▶ [Your assignment] Starting at the first line of the data below, retype every line up to and including the one containing "d] by linarith".

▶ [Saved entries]
lemma small_init_if_M_bound_le:
  fixes M al be nf \<epsilon> d :: real
  assumes "1 \<le> d" "0 \<le> al" "0 \<le> be" "1 < al + 3*be" "0 < M" "0 \<le> nf" "0 < \<epsilon>"
    and "M_bound d al be nf \<epsilon> \<delta> \<le> M"
  shows "M * M powr (-al) * (M powr (-be))^3 \<le> \<epsilon>"
    and "nf * M powr (-al) * (M powr (-be))^2 \<le> sqrt \<epsilon>"
proof -
  have "1 \<le> C_d' d"
    unfolding C_d'_def using assms(1) powr_ge_zero[of d "5/2"] powr_ge_zero[of d "3/2"]
      powr_ge_zero[of d "1/2"] zero_le_power2[of d] by linarith
  have "M * M powr (-al) * (M powr (-be))^3 = M powr 1 * M powr (-al) * M powr (3 * -be)"
    using assms(5) by (simp add: powr_power)
  also have "\<dots> = M powr (-(al + 3*be - 1))"
    by (simp only: powr_add[symmetric]) (simp add: algebra_simps)
  also have "\<dots> \<le> C_d' d * M powr (-(al + 3*be - 1))"
    using \<open>1 \<le> C_d' d\<close> by (simp add: mult_le_cancel_right1)
  also have "\<dots> \<le> \<epsilon>"
    by (rule mult_powr_neg_le_of_root_le) (use assms \<open>1 \<le> C_d' d\<close> in \<open>auto simp: M_bound_def\<close>)
  finally show "M * M powr (-al) * (M powr (-be))^3 \<le> \<epsilon>" .
  have "(nf * M powr (-al) * (M powr (-be))^2)^2 = nf^2 * ((M powr (-al))^2 * (M powr (-be))^4)"
    by (simp add: power_mult_distrib flip: power_mult)
  also have "\<dots> = nf^2 * (M powr (2 * -al) * M powr (4 * -be))"
    using assms(5) by (simp add: powr_power)
  also have "\<dots> = nf^2 * M powr (-(2*al + 4*be))"
    by (simp add: powr_add[symmetric] algebra_simps)
  also have "\<dots> \<le> \<epsilon>"
    by (rule mult_powr_neg_le_of_root_le) (use assms in \<open>auto simp: M_bound_def\<close>)
  finally show "nf * M powr (-al) * (M powr (-be))^2 \<le> sqrt \<epsilon>"
    by (rule real_le_rsqrt)
qed

lemma T0_bound_le:
  fixes M al be nf \<epsilon> :: real
  assumes "0 \<le> nf"
  shows "max nf 1 * T0_bound M al be nf \<epsilon> \<le> M powr (2*al + 2*be) / \<epsilon> powr (1/2)"
    and "T0_bound M al be nf \<epsilon> \<le> M powr ((2 + 4*al) / 3) / \<epsilon> powr (2/3)"
proof -
  define Cf where "Cf = 1 / ((nf + 1)^2 * max nf 1)"
  have "1 \<le> (nf + 1)^2"
    using assms by (simp add: one_le_power)
  moreover have "max nf 1 * Cf = 1 / (nf + 1)^2"
    unfolding Cf_def by simp
  ultimately have Cf: "0 \<le> Cf" "max nf 1 * Cf \<le> 1"
    unfolding Cf_def by (auto simp: divide_le_eq_1)
  moreover have "1 * Cf \<le> max nf 1 * Cf"
    using Cf(1) by (intro mult_right_mono) auto
  ultimately have "Cf \<le> 1"
    by linarith
  have "max nf 1 * T0_bound M al be nf \<epsilon> \<le> max nf 1 * (Cf * (M powr (2*al + 2*be) / \<epsilon> powr (1/2)))"
    unfolding T0_bound_def Cf_def by (intro mult_left_mono Min_le) auto
  also have "\<dots> \<le> M powr (2*al + 2*be) / \<epsilon> powr (1/2)"
    using Cf unfolding mult.assoc[symmetric] by (intro mult_left_le_one_le) auto
  finally show "max nf 1 * T0_bound M al be nf \<epsilon> \<le> M powr (2*al + 2*be) / \<epsilon> powr (1/2)" .
  have "T0_bound M al be nf \<epsilon> \<le> Cf * (M powr ((2 + 4*al) / 3) / \<epsilon> powr (2/3))"
    unfolding T0_bound_def Cf_def by (intro mult_left_mono Min_le) auto
  also have "\<dots> \<le> M powr ((2 + 4*al) / 3) / \<epsilon> powr (2/3)"
    using Cf(1) \<open>Cf \<le> 1\<close> by (intro mult_left_le_one_le) auto
  finally show "T0_bound M al be nf \<epsilon> \<le> M powr ((2 + 4*al) / 3) / \<epsilon> powr (2/3)" .
qed

lemma horizon_le_of_T0_bound:
  fixes M al be nf \<epsilon> T :: real
  assumes "1 \<le> M" "0 \<le> nf" "0 < \<epsilon>" "\<epsilon> \<le> 1" "0 \<le> T" "T \<le> T0_bound M al be nf \<epsilon>"
  shows "T * \<epsilon> * (M powr (-al) * M powr (-be))^2 * max nf 1 \<le> 1"
proof -
  have "max nf 1 * T * sqrt \<epsilon> \<le> max nf 1 * T0_bound M al be nf \<epsilon> * sqrt \<epsilon>"
    using assms(3,6) by (intro mult_right_mono mult_left_mono) auto
  also have "\<dots> \<le> M powr (2*al + 2*be)"
    using T0_bound_le(1)[OF assms(2), of M al be \<epsilon>] assms(3) by (simp add: powr_half_sqrt field_simps)
  finally have T: "max nf 1 * T * sqrt \<epsilon> \<le> M powr (2*al + 2*be)" .
  have "(M powr (-al) * M powr (-be))^2 = M powr (-(2*al + 2*be))"
    using assms(1) by (simp add: powr_power power_mult_distrib powr_add[symmetric] algebra_simps)
  then have "T * \<epsilon> * (M powr (-al) * M powr (-be))^2 * max nf 1
      = (max nf 1 * T * \<epsilon>) * M powr (-(2*al + 2*be))"
    by simp
  also have "\<dots> \<le> M powr (2*al + 2*be) * M powr (-(2*al + 2*be))"
    using T mult_left_mono[OF le_sqrt_self, of \<epsilon> "max nf 1 * T"] assms(3-5)
    by (intro mult_right_mono) auto
  also have "\<dots> = 1"
    using assms(1) by (simp add: powr_add[symmetric])
  finally show ?thesis .
qed

lemma weighted_horizon_le_of_T0_bound:
  fixes M al be nf \<epsilon> T :: real
  assumes "1 \<le> M" "0 \<le> al" "0 \<le> nf" "0 < \<epsilon>" "\<epsilon> \<le> 1" "0 \<le> T" "T \<le> T0_bound M al be nf \<epsilon>"
  shows "T * \<epsilon> * (M powr (-al))^2 \<le> M"
proof -
  have "\<epsilon> \<le> \<epsilon> powr (2/3)"
    using powr_mono'[of "2/3" 1 \<epsilon>] assms(4,5) by simp
  then have "T * \<epsilon> \<le> T0_bound M al be nf \<epsilon> * \<epsilon> powr (2/3)"
    using assms(4,6,7) by (intro mult_mono) auto
  also have "\<dots> \<le> M powr ((2 + 4*al) / 3)"
    using T0_bound_le(2)[OF assms(3), of M al be \<epsilon>] assms(4) by (simp add: field_simps)
  finally have "T * \<epsilon> * (M powr (-al))^2 \<le> M powr ((2 + 4*al) / 3) * M powr (-2*al)"
    using assms(1) by (simp add: powr_power mult_right_mono)
  also have "\<dots> = M powr ((2 - 2*al) / 3)"
    by (simp add: powr_add[symmetric] field_simps)
  also have "\<dots> \<le> M powr 1"
    using assms(1,2) by (intro powr_mono) auto
  finally show ?thesis
    using assms(1) by simp
qed

section \<open>The lazy and the bounded regime\<close>

definition lazy_exponent :: "'d::finite itself \<Rightarrow> real \<Rightarrow> real" where
  "lazy_exponent t c2 = 2 * c2 * (neuron_const t)^2 * (dim_d t + 2)^4"

definition lazy_threshold :: "'d::finite itself \<Rightarrow> real \<Rightarrow> real" where
  "lazy_threshold t c2
    = 4 * c2 * exp (lazy_exponent t c2) * (neuron_const t)^2 * (dim_d t + 2)^2 * (dim_d t + 1)^3"
lemma Rrho_eq_ancestor:
  assumes \<kappa>: "\<kappa> \<in> dyadic_tree" and \<rho>: "0 < \<rho>" "\<rho> \<le> 1"
  defines "k \<equiv> nat \<lceil>\<rho> * real (fst \<kappa> + 1)\<rceil> - 1"
  shows "Rrho \<rho> \<kappa> = ancestor \<kappa> k" and "k \<le> fst \<kappa>" and "\<rho> * real (fst \<kappa> + 1) \<le> real (k + 1)"
proof -
  let ?c = "\<lceil>\<rho> * real (fst \<kappa> + 1)\<rceil>"
  have "1 \<le> ?c" using \<rho> by (simp add: one_le_ceiling)
  moreover have "\<rho> * real (fst \<kappa> + 1) \<le> real (fst \<kappa> + 1)"
    using \<rho> by (intro mult_left_le_one_le) auto
  then have "?c \<le> int (fst \<kappa> + 1)" by (metis ceiling_le_iff of_int_of_nat_eq)
  ultimately have c: "int (k + 1) = ?c" and kn: "k \<le> fst \<kappa>" unfolding k_def by linarith+
  have k_real: "real (k + 1) = of_int ?c" using c by (metis of_int_of_nat_eq)
  show "k \<le> fst \<kappa>" by (rule kn)
  show lower: "\<rho> * real (fst \<kappa> + 1) \<le> real (k + 1)"
    unfolding k_real by (rule le_of_int_ceiling)
  show "Rrho \<rho> \<kappa> = ancestor \<kappa> k"
    unfolding Rrho_def
  proof (rule the_equality)
    have "ancestor \<kappa> k \<in> dyadic_tree" using \<kappa> kn by (rule ancestor_in_tree)
    moreover have "real (k + 1) < \<rho> * real (fst \<kappa> + 1) + 1"
      unfolding k_real by linarith
    ultimately show "ancestor \<kappa> k \<in> dyadic_tree \<and> tree_le root (ancestor \<kappa> k) \<and> tree_le (ancestor \<kappa> k) \<kappa> \<and>
        \<rho> * real (depth \<kappa>) \<le> real (depth (ancestor \<kappa> k)) \<and>
        real (depth (ancestor \<kappa> k)) < \<rho> * real (depth \<kappa>) + 1"
      using \<kappa> kn lower by (simp add: depth_eq root_tree_le tree_le_ancestor)
  next
    fix y assume y: "y \<in> dyadic_tree \<and> tree_le root y \<and> tree_le y \<kappa> \<and>
        \<rho> * real (depth \<kappa>) \<le> real (depth y) \<and> real (depth y) < \<rho> * real (depth \<kappa>) + 1"
    then have "\<lceil>\<rho> * real (fst \<kappa> + 1)\<rceil> = int (fst y + 1)"
      using \<kappa> by (intro ceiling_unique) (auto simp: depth_eq)
    then have "fst y = k" using c by simp
    then show "y = ancestor \<kappa> k" using y by (metis tree_le_iff_ancestor)
  qed
qed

▶ [Answer below]
lemma small_init_if_M_bound_le:
  fixes M al be nf \<epsilon> d :: real
  assumes "1 \<le> d" "0 \<le> al" "0 \<le> be" "1 < al + 3*be" "0 < M" "0 \<le> nf" "0 < \<epsilon>"
    and "M_bound d al be nf \<epsilon> \<delta> \<le> M"
  shows "M * M powr (-al) * (M powr (-be))^3 \<le> \<epsilon>"
    and "nf * M powr (-al) * (M powr (-be))^2 \<le> sqrt \<epsilon>"
proof -
  have "1 \<le> C_d' d"
    unfolding C_d'_def using assms(1) powr_ge_zero[of d "5/2"] powr_ge_zero[of d "3/2"]
      powr_ge_zero[of d "1/2"] zero_le_power2[of d] by linarith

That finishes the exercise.